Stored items
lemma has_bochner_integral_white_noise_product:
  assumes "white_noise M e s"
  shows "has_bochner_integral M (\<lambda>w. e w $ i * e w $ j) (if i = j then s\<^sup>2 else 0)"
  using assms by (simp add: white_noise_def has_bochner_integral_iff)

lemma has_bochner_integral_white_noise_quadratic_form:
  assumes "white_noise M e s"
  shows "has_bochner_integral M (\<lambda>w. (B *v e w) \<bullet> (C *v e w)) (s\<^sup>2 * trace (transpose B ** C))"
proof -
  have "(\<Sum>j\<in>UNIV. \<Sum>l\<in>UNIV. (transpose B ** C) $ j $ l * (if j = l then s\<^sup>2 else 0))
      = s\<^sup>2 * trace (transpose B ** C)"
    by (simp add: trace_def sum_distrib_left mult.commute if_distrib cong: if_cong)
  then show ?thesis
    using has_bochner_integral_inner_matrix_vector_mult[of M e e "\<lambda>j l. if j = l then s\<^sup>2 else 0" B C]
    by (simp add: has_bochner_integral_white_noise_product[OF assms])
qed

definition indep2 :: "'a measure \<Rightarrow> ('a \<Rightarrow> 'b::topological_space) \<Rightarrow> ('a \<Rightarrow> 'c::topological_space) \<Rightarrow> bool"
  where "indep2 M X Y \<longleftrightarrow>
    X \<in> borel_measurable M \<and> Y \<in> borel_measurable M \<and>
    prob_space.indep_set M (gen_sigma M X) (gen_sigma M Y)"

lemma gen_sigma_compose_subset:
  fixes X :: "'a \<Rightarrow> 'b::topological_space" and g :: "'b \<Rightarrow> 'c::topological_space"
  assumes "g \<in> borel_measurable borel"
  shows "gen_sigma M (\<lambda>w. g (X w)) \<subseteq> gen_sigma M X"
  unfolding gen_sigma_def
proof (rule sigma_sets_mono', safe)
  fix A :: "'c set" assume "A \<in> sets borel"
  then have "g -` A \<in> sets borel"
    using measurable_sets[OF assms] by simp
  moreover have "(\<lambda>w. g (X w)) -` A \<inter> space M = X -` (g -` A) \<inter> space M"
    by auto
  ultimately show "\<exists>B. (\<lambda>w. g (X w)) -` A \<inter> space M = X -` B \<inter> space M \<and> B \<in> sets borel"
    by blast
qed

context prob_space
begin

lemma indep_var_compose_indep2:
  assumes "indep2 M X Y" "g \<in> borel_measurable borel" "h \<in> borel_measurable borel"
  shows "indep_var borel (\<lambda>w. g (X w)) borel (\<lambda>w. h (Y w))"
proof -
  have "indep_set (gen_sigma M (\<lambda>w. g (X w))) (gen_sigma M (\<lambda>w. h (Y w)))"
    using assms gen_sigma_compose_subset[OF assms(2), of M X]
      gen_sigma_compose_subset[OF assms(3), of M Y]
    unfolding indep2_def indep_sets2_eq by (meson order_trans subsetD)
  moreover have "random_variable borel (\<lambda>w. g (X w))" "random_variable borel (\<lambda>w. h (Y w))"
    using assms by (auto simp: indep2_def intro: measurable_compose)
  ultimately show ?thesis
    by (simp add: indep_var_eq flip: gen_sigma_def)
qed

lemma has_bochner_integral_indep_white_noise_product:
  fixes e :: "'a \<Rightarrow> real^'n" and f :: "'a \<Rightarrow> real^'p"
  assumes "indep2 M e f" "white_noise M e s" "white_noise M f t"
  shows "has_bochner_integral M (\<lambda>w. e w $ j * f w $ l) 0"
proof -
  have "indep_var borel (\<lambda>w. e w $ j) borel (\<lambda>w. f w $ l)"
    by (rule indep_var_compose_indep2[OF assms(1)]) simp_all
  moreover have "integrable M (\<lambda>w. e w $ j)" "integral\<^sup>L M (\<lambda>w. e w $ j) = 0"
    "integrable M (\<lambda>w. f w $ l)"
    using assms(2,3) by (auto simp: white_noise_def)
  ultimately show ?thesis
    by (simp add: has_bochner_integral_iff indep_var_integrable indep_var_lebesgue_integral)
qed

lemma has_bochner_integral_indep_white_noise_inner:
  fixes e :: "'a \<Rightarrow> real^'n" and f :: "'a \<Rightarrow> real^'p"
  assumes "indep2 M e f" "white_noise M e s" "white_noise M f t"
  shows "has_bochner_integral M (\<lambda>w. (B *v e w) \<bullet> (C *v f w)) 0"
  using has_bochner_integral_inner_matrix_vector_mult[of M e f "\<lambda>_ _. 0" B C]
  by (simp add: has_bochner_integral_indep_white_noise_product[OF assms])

■ TASK PROMPT ■
Across the data, find each line that has "rule" in it and copy that line.

■ EXERCISE RESPONSE ■
proof (rule sigma_sets_mono', safe)
    by (rule indep_var_compose_indep2[OF assms(1)]) simp_all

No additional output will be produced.